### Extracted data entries

lemma exp_minus_le_power:
  fixes t :: real
  assumes "0 \<le> t" "t \<le> 1" "l > 0"
  shows "exp (-t) \<le> (1 - t / l) ^ (l - 1)"
proof (cases "l = 1")
  case True
  then show ?thesis using assms by simp
next
  case False
  define s where "s = t / l"
  have "real l \<ge> 2" using assms False by simp
  then have s: "0 \<le> s" "s < 1" using assms by (auto simp: s_def field_simps)
  have "1 / (1 - s) = 1 + s / (1 - s)" using s by (simp add: field_simps)
  also have "\<dots> \<le> exp (s / (1 - s))" by (rule exp_ge_add_one_self)
  finally have "exp (- (s / (1 - s))) \<le> 1 - s"
    using s by (simp add: exp_minus field_simps)
  have "real (l - 1) * (s / (1 - s)) \<le> t"
  proof -
    have "t * t * real l \<le> t * real l"
      using assms by (intro mult_right_mono) (auto simp: mult_left_le_one_le)
    then have "(real l - 1) * s \<le> t * (1 - s)" using assms by (simp add: s_def field_simps)
    then show ?thesis using assms s by (simp add: of_nat_diff field_simps)
  qed
  then have "exp (-t) \<le> exp (real (l - 1) * (- (s / (1 - s))))" by simp
  also have "\<dots> = exp (- (s / (1 - s))) ^ (l - 1)" by (rule exp_of_nat_mult)
  also have "\<dots> \<le> (1 - s) ^ (l - 1)"
    by (rule power_mono) (use \<open>exp (- (s / (1 - s))) \<le> 1 - s\<close> in simp_all)
  finally show ?thesis unfolding s_def .
qed

lemma exp_minus_sub_power_le:
  fixes x :: real
  assumes "0 \<le> x" "x \<le> 1" "l > 0"
  shows "exp (-x) - (1 - x / l) ^ l \<le> exp (-1) - (1 - 1 / l) ^ l"
proof (rule deriv_nonneg_imp_mono[of x 1 "\<lambda>t. exp (-t) - (1 - t / l) ^ l"
      "\<lambda>t. (1 - t / l) ^ (l - 1) - exp (-t)"])
  fix t assume t: "t \<in> {x..1}"
  show "((\<lambda>t. exp (-t) - (1 - t / l) ^ l) has_real_derivative (1 - t / l) ^ (l - 1) - exp (-t)) (at t)"
    using assms by (auto intro!: derivative_eq_intros)
  show "0 \<le> (1 - t / l) ^ (l - 1) - exp (-t)"
    using exp_minus_le_power[of t l] assms t by auto
qed (use assms in auto)

lemma exp_minus_ge_tangent:
  fixes x x\<^sub>0 :: real
  shows "exp (-x\<^sub>0) * (1 + x\<^sub>0 - x) \<le> exp (-x)"
proof -
  have "exp (-x\<^sub>0) * (1 + x\<^sub>0 - x) \<le> exp (-x\<^sub>0) * exp (x\<^sub>0 - x)"
    using exp_ge_add_one_self[of "x\<^sub>0 - x"] by (intro mult_left_mono) (linarith, simp)
  then show ?thesis by (simp add: exp_add[symmetric])
qed

lemma one_minus_power_le_tangent:
  fixes x x\<^sub>0 \<epsilon> :: real
  assumes "0 \<le> x" "x \<le> 1" "l > 0" "exp (-1) - (1 - 1 / l) ^ l \<le> \<epsilon>"
  shows "1 - (1 - x / l) ^ l \<le> 1 - exp (-x\<^sub>0) * (1 + x\<^sub>0 - x) + \<epsilon>"
  using exp_minus_sub_power_le[OF assms(1-3)] exp_minus_ge_tangent[of x\<^sub>0 x] assms(4) by linarith

lemma cost_bound_from_coverage:
  fixes \<epsilon> p d s L :: real
  defines "x\<^sub>0 \<equiv> 1 - 2 * exp (-1) + 2 * \<epsilon>"
  assumes "0 \<le> L" "0 < \<epsilon>" "\<epsilon> \<le> 0.06" "p + 2 * d \<le> 1" "p + d \<le> 1 - exp (-1) + \<epsilon>"
    and "s \<le> L * (1 - exp (-x\<^sub>0) * (1 + x\<^sub>0) + \<epsilon> + exp (-x\<^sub>0) * p)"
  shows "L * (1 + exp (-1 + 2 / exp 1) - exp (-1) - 3 * (1 + 1 / exp 1) * \<epsilon>)
         \<le> L * (2 - \<epsilon>) - (1 - \<epsilon>) * s - (1 - \<epsilon>) * (L * d)"
proof -
  define b w a where "b = exp (-1 :: real)" and "w = exp (-x\<^sub>0)" and "a = exp (-1 + 2 * b)"
  have b: "1/3 \<le> b" "b \<le> 1/2" "1 / exp 1 = b"
    using exp_le exp_ge_add_one_self[of 1] by (auto simp: b_def exp_minus field_simps)
  have "0 \<le> x\<^sub>0" "x\<^sub>0 \<le> 1/2" using b assms(3,4) by (auto simp: x\<^sub>0_def b_def)
  then have w: "1/2 \<le> w" "w \<le> 1"
    using exp_ge_add_one_self[of "-x\<^sub>0"] by (auto simp: w_def)
  \<comment> \<open>x0 is chosen so that 1 + x0 = 2 (1 - 1/e + eps): then the linear term w p + d
    splits into the two coverage constraints with the nonnegative weights 2 w - 1 and 1 - w.\<close>
  have "w * p + d = (2 * w - 1) * (p + d) + (1 - w) * (p + 2 * d)" by algebra
  also have "\<dots> \<le> (2 * w - 1) * (1 - b + \<epsilon>) + (1 - w) * 1"
    using w assms(5,6) unfolding b_def by (intro add_mono[OF mult_left_mono mult_left_mono]) auto
  finally have per_element: "1 - w * (1 + x\<^sub>0) + \<epsilon> + w * p + d \<le> 1 + b - w"
    by (simp add: x\<^sub>0_def b_def algebra_simps)
  have "w = a * exp (-2 * \<epsilon>)" by (simp add: w_def a_def x\<^sub>0_def b_def flip: exp_add)
  then have "a * (1 - 2 * \<epsilon>) \<le> w"
    using exp_ge_add_one_self[of "-2 * \<epsilon>"] by (auto intro!: mult_left_mono simp: a_def)
  moreover have "a * \<epsilon> \<le> \<epsilon>" "0 \<le> b * \<epsilon>"
    using b assms(3) by (simp_all add: a_def b_def mult_left_le_one_le)
  moreover have "exp (-1 + 2 / exp 1) = a" using b(3) by (simp add: a_def)
  moreover have "3 * (1 + 1 / exp 1) * \<epsilon> = 3 * \<epsilon> + 3 * (b * \<epsilon>)"
    and "a * (1 - 2 * \<epsilon>) = a - 2 * (a * \<epsilon>)"
    using b(3) by (simp_all add: algebra_simps)
  ultimately have "1 + exp (-1 + 2 / exp 1) - exp (-1) - 3 * (1 + 1 / exp 1) * \<epsilon> \<le> (2 - \<epsilon>) - (1 + b - w)"
    unfolding b_def by linarith
  then have "L * (1 + exp (-1 + 2 / exp 1) - exp (-1) - 3 * (1 + 1 / exp 1) * \<epsilon>) \<le> L * (2 - \<epsilon>) - L * (1 + b - w)"
    using assms(2) by (simp add: mult_left_mono flip: right_diff_distrib)
  moreover have "(1 - \<epsilon>) * s + (1 - \<epsilon>) * (L * d) \<le> L * (1 + b - w)"
  proof -
    have "s + L * d \<le> L * (1 - w * (1 + x\<^sub>0) + \<epsilon> + w * p + d)"
      using assms(7) by (simp add: w_def algebra_simps)
    also have "\<dots> \<le> L * (1 + b - w)"
      using per_element assms(2) by (rule mult_left_mono)
    finally have "(1 - \<epsilon>) * (s + L * d) \<le> (1 - \<epsilon>) * (L * (1 + b - w))"
      using assms(4) by (intro mult_left_mono) auto
    also have "\<dots> \<le> L * (1 + b - w)"
      using mult_nonneg_nonneg[of \<epsilon> "L * (1 + b - w)"] assms(2,3) b w
      by (simp add: left_diff_distrib)
    finally show ?thesis by (simp add: distrib_left)
  qed
  ultimately show ?thesis by linarith
qed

### What the task asks
Each line holding the word "rule" must be pulled from the records.

### Problem solution
  also have "\<dots> \<le> exp (s / (1 - s))" by (rule exp_ge_add_one_self)
  also have "\<dots> = exp (- (s / (1 - s))) ^ (l - 1)" by (rule exp_of_nat_mult)
    by (rule power_mono) (use \<open>exp (- (s / (1 - s))) \<le> 1 - s\<close> in simp_all)
proof (rule deriv_nonneg_imp_mono[of x 1 "\<lambda>t. exp (-t) - (1 - t / l) ^ l"
      using per_element assms(2) by (rule mult_left_mono)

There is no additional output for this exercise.